Excerpts from a dataset

(* Suppose UBEV-S (described in the context) is run on a contextual-bandit MDP $\mathcal M_C$, i.e. an episodic MDP whose transition probabilities satisfy $p(s'\mid s,a)=\mu(s')$ for all $s,a,s'$, for a fixed distribution $\mu$ over states. Then outside of the failure event, for every episode $k$ and timestep $t$, $$\mathrm{rng}\,\tilde V^{\pi_k}_t\le 1+\tilde O\!\left(\frac{H\sqrt S}{\sqrt{\min_{(s',t')}n_k(s',\pi_k(s',t'))}}\right).$$
   Context: Setting: a finite-horizon episodic MDP with finite state set $\mathcal S$ ($|\mathcal S|=S$), finite action set $\mathcal A$ ($|\mathcal A|=A$), horizon $H$, stationary transitions $p(s'\mid s,a)$ and mean rewards $r(s,a)\in[0,1]$ (observed rewards in $[0,1]$). Episodes $k=1,2,\dots$ each have $H$ steps. For a vector $V$, $\mathrm{rng}\,V=\max_sV(s)-\min_sV(s)$. $V^*_t$ denotes the optimal value function at timestep $t$. $\tilde O(\cdot)$ hides constants and factors polylogarithmic in quantities polynomial in $S,A,T,K,H,1/\delta$. Algorithm UBEV-S (input $\delta$): maintain, aggregated over all timesteps of all past episodes, counts $n(s,a)$, reward sums $l(s,a)$, transition counts $m(s',s,a)$ (initially $0$), and a scalar $\phi^+$ initialized to $0$ once. At the start of each episode, set $\tilde V_{H+1}\equiv0$ and for $t=H,\dots,1$ and each $s$: for each $a$, $\phi(s,a)=\sqrt{(2\ln\ln(\max\{e,n(s,a)\})+\ln(27HSA/\delta))/n(s,a)}$, $\hat r(s,a)=l(s,a)/n(s,a)$, $\hat p(s,a)=m(\cdot,s,a)/n(s,a)$, $Q(a)=\min\{1,\hat r+\phi\}+\min\{\max_{s'}\tilde V_{t+1}(s'),\hat p(s,a)^\top\tilde V_{t+1}+\min\{H-t,\mathrm{rng}\,\tilde V_{t+1}+\phi^+\}\phi(s,a)\}$; set $\pi_k(s,t)=\arg\max_aQ(a)$, $\tilde V_t(s)=Q(\pi_k(s,t))$, $\phi^+\leftarrow\max\{4\sqrt SH^2\phi(s,\pi_k(s,t)),\phi^+\}$. Then execute $\pi_k$ for $H$ steps and update the counts. In episode $k$: $n_k(s,a)$, $\hat r_k$, $\hat p_k$, $\phi_k$ are the quantities at the start of the episode and $\tilde V^{\pi_k}_t$ is the vector $\tilde V_t$ computed in episode $k$. Failure event: let $w_{tk}(s,a)$ be the probability, in episode $k$ under $\pi_k$, of being in $s$ at step $t$ and taking $a$. "Outside of the failure event" means that for all episodes $k$, timesteps $t$ and pairs $(s,a)$ the concentration inequalities used by the algorithm hold, in particular: $n_k(s,a)\ge\frac12\sum_{i<k}\sum_{t\in[H]}w_{ti}(s,a)-H\ln\frac{9SA}{\delta}$; $|\hat r_k(s,a)-r(s,a)|\le\phi_k(s,a)$; $|(\hat p_k(s,a)-p(\cdot\mid s,a))^\top V^*_{t+1}|\le(\mathrm{rng}\,V^*_{t+1})\phi_k(s,a)$; and $\|\hat p_k(s,a)-p(\cdot\mid s,a)\|_1\le4\sqrt S\,\phi_k(s,a)$ (so in particular $\|\hat p_k(s,a)-p(\cdot\mid s,a)\|_1=\tilde O(\sqrt{S/n_k(s,a)})$). *)

theory Defs
  imports Complex_Main "HOL-Library.Extended_Real"
begin

(* States are {..<S}, actions are {..<A} (natural numbers), timesteps 1..H.
   Episodes are indexed k = 0,1,2,... (the paper's episode k+1). *)

definition maxV :: "nat \<Rightarrow> (nat \<Rightarrow> real) \<Rightarrow> real" where
  "maxV S V = Max (V ` {..<S})"

definition rng :: "nat \<Rightarrow> (nat \<Rightarrow> real) \<Rightarrow> real" where
  "rng S V = Max (V ` {..<S}) - Min (V ` {..<S})"

definition phi :: "real \<Rightarrow> nat \<Rightarrow> nat \<Rightarrow> nat \<Rightarrow> nat \<Rightarrow> real" where
  "phi \<delta> H S A n =
     sqrt ((2 * ln (ln (max (exp 1) (real n))) + ln (27 * real H * real S * real A / \<delta>)) / real n)"

definition phiE :: "real \<Rightarrow> nat \<Rightarrow> nat \<Rightarrow> nat \<Rightarrow> nat \<Rightarrow> ereal" where
  "phiE \<delta> H S A n =
     (if n = 0 then \<infinity> else ereal (4 * sqrt (real S) * (real H)^2 * phi \<delta> H S A n))"

(* Q(a) at timestep t, state s, given counts n (s a), reward sums l (s a),
   transition counts m (s' s a), current phi^+ and Vn = tilde V_{t+1}. *)
definition Qval :: "real \<Rightarrow> nat \<Rightarrow> nat \<Rightarrow> nat \<Rightarrow> (nat \<Rightarrow> nat \<Rightarrow> nat) \<Rightarrow> (nat \<Rightarrow> nat \<Rightarrow> real)
     \<Rightarrow> (nat \<Rightarrow> nat \<Rightarrow> nat \<Rightarrow> nat) \<Rightarrow> ereal \<Rightarrow> (nat \<Rightarrow> real) \<Rightarrow> nat \<Rightarrow> nat \<Rightarrow> nat \<Rightarrow> real" where
  "Qval \<delta> H S A n l m \<phi>p Vn t s a =
    (if n s a = 0 then 1 + maxV S Vn
     else (let \<phi> = phi \<delta> H S A (n s a);
               rh = l s a / real (n s a);
               ph = (\<lambda>s'. real (m s' s a) / real (n s a))
           in min 1 (rh + \<phi>)
              + min (maxV S Vn)
                    ((\<Sum>s'<S. ph s' * Vn s')
                     + real_of_ereal (min (ereal (real H - real t)) (ereal (rng S Vn) + \<phi>p)) * \<phi>)))"

type_synonym alg_state = "(nat \<Rightarrow> nat \<Rightarrow> real) \<times> (nat \<Rightarrow> nat \<Rightarrow> nat) \<times> ereal"
  (* (tilde V indexed t s, policy indexed s t, phi^+) *)

(* processing of one pair (t,s); tb k t s Q is the argmax (tie-breaking rule) *)
definition alg_step :: "real \<Rightarrow> nat \<Rightarrow> nat \<Rightarrow> nat \<Rightarrow> (nat \<Rightarrow> nat \<Rightarrow> nat) \<Rightarrow> (nat \<Rightarrow> nat \<Rightarrow> real)
     \<Rightarrow> (nat \<Rightarrow> nat \<Rightarrow> nat \<Rightarrow> nat) \<Rightarrow> (nat \<Rightarrow> nat \<Rightarrow> (nat \<Rightarrow> real) \<Rightarrow> nat)
     \<Rightarrow> nat \<times> nat \<Rightarrow> alg_state \<Rightarrow> alg_state" where
  "alg_step \<delta> H S A n l m tb ts st =
    (case ts of (t, s) \<Rightarrow> (case st of (V, \<pi>, \<phi>p) \<Rightarrow>
      (let Q = Qval \<delta> H S A n l m \<phi>p (V (t+1)) t s;
           a = tb t s Q
       in (V(t := (V t)(s := Q a)), \<pi>(s := (\<pi> s)(t := a)), max (phiE \<delta> H S A (n s a)) \<phi>p))))"

definition alg_order :: "nat \<Rightarrow> nat list \<Rightarrow> (nat \<times> nat) list" where
  "alg_order H sl = concat (map (\<lambda>t. map (\<lambda>s. (t, s)) sl) (rev [1..<H+1]))"

definition run_episode :: "real \<Rightarrow> nat \<Rightarrow> nat \<Rightarrow> nat \<Rightarrow> nat list \<Rightarrow> (nat \<Rightarrow> nat \<Rightarrow> nat) \<Rightarrow> (nat \<Rightarrow> nat \<Rightarrow> real)
     \<Rightarrow> (nat \<Rightarrow> nat \<Rightarrow> nat \<Rightarrow> nat) \<Rightarrow> (nat \<Rightarrow> nat \<Rightarrow> (nat \<Rightarrow> real) \<Rightarrow> nat) \<Rightarrow> ereal \<Rightarrow> alg_state" where
  "run_episode \<delta> H S A sl n l m tb \<phi>p0 =
     fold (alg_step \<delta> H S A n l m tb) (alg_order H sl) (\<lambda>t s. 0, \<lambda>s t. 0, \<phi>p0)"

(* phi^+ at the start of episode k (initialised to 0 once).
   N k, L k, M k are the counts at the start of episode k; TB k the argmax rule used in episode k. *)
fun phip_start :: "real \<Rightarrow> nat \<Rightarrow> nat \<Rightarrow> nat \<Rightarrow> nat list \<Rightarrow> (nat \<Rightarrow> nat \<Rightarrow> nat \<Rightarrow> nat)
     \<Rightarrow> (nat \<Rightarrow> nat \<Rightarrow> nat \<Rightarrow> real) \<Rightarrow> (nat \<Rightarrow> nat \<Rightarrow> nat \<Rightarrow> nat \<Rightarrow> nat)
     \<Rightarrow> (nat \<Rightarrow> nat \<Rightarrow> nat \<Rightarrow> (nat \<Rightarrow> real) \<Rightarrow> nat) \<Rightarrow> nat \<Rightarrow> ereal" where
  "phip_start \<delta> H S A sl N L M TB 0 = 0"
| "phip_start \<delta> H S A sl N L M TB (Suc k) =
     snd (snd (run_episode \<delta> H S A sl (N k) (L k) (M k) (TB k) (phip_start \<delta> H S A sl N L M TB k)))"

definition Vtilde where
  "Vtilde \<delta> H S A sl N L M TB k =
     fst (run_episode \<delta> H S A sl (N k) (L k) (M k) (TB k) (phip_start \<delta> H S A sl N L M TB k))"

definition policy where
  "policy \<delta> H S A sl N L M TB k =
     fst (snd (run_episode \<delta> H S A sl (N k) (L k) (M k) (TB k) (phip_start \<delta> H S A sl N L M TB k)))"

(* optimal value with j steps to go: V*_t = Vopt (H+1-t); p indexed s' s a *)
fun Vopt :: "nat \<Rightarrow> nat \<Rightarrow> (nat \<Rightarrow> nat \<Rightarrow> real) \<Rightarrow> (nat \<Rightarrow> nat \<Rightarrow> nat \<Rightarrow> real) \<Rightarrow> nat \<Rightarrow> nat \<Rightarrow> real" where
  "Vopt S A r p 0 s = 0"
| "Vopt S A r p (Suc j) s = Max ((\<lambda>a. r s a + (\<Sum>s'<S. p s' s a * Vopt S A r p j s')) ` {..<A})"

definition Vstar where
  "Vstar H S A r p t = Vopt S A r p (H + 1 - t)"

end

theory Submission
  imports Defs
begin

(* With a = pi_k(s,t), the value tilde V_t(s) is an optimistic reward estimate in [0,1] plus
   min {max tilde V_{t+1}, hat p(s,a)^T tilde V_{t+1} + c phi(s,a)} for some 0 <= c <= H, and
   tilde V_{t+1} takes values in [0,H] by backward induction.  In a contextual bandit every
   row p(.|s,a) is the same vector mu, so for two states the transition parts differ by at most
   |(hat p_1 - mu)^T tilde V| + |(hat p_2 - mu)^T tilde V| + H phi_1
   <= 4 sqrt S H (phi_1 + phi_2) + H phi_1, and the reward parts by at most 1.  Every
   phi(s, pi_k(s,t)) is at most the confidence numerator at the largest count divided by the
   square root of the smallest count, which gives the bound with constant 9. *)

definition phi_numer :: "real \<Rightarrow> nat \<Rightarrow> nat \<Rightarrow> nat \<Rightarrow> nat \<Rightarrow> real" where
  "phi_numer \<delta> H S A n = 2 * ln (ln (max (exp 1) (real n))) + ln (27 * real H * real S * real A / \<delta>)"

lemma phi_eq_sqrt_phi_numer: "phi \<delta> H S A n = sqrt (phi_numer \<delta> H S A n / real n)"
  unfolding phi_def phi_numer_def ..

lemma one_le_ln_max_exp_1: "1 \<le> ln (max (exp 1) (x::real))"
  using ln_le_cancel_iff[of "exp 1" "max (exp 1) x"] by (simp add: less_max_iff_disj)

lemma phi_numer_mono:
  assumes "n \<le> n'"
  shows "phi_numer \<delta> H S A n \<le> phi_numer \<delta> H S A n'"
proof -
  have "ln (max (exp 1) (real n)) \<le> ln (max (exp 1) (real n'))"
    using assms by (subst ln_le_cancel_iff) (auto simp: less_max_iff_disj)
  then show ?thesis
    using one_le_ln_max_exp_1[of "real n"] by (simp add: phi_numer_def)
qed

lemma maxV_ge: "s < S \<Longrightarrow> V s \<le> maxV S V"
  unfolding maxV_def by (intro Max_ge) auto

lemma maxV_le_iff: "0 < S \<Longrightarrow> maxV S V \<le> B \<longleftrightarrow> (\<forall>s<S. V s \<le> B)"
  unfolding maxV_def by (subst Max_le_iff) auto

lemma rng_nonneg:
  assumes "0 < S"
  shows "0 \<le> rng S V"
proof -
  have "Min (V ` {..<S}) \<le> V 0" "V 0 \<le> Max (V ` {..<S})"
    using assms by (auto intro: Min_le Max_ge)
  then show ?thesis by (simp add: rng_def)
qed

lemma rng_attained:
  assumes "0 < S"
  obtains s1 s2 where "s1 < S" "s2 < S" "rng S V = V s1 - V s2"
proof -
  have ne: "V ` {..<S} \<noteq> {}" using assms by auto
  obtain s1 where "s1 < S" "Max (V ` {..<S}) = V s1" using Max_in[OF _ ne] by auto
  moreover obtain s2 where "s2 < S" "Min (V ` {..<S}) = V s2" using Min_in[OF _ ne] by auto
  ultimately show thesis using that by (simp add: rng_def)
qed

ASSIGNED TASK: Could you filter the entries above for lines holding the string "list" and copy them?

EXPECTED ANSWER:
definition alg_order :: "nat \<Rightarrow> nat list \<Rightarrow> (nat \<times> nat) list" where
definition run_episode :: "real \<Rightarrow> nat \<Rightarrow> nat \<Rightarrow> nat \<Rightarrow> nat list \<Rightarrow> (nat \<Rightarrow> nat \<Rightarrow> nat) \<Rightarrow> (nat \<Rightarrow> nat \<Rightarrow> real)
fun phip_start :: "real \<Rightarrow> nat \<Rightarrow> nat \<Rightarrow> nat \<Rightarrow> nat list \<Rightarrow> (nat \<Rightarrow> nat \<Rightarrow> nat \<Rightarrow> nat)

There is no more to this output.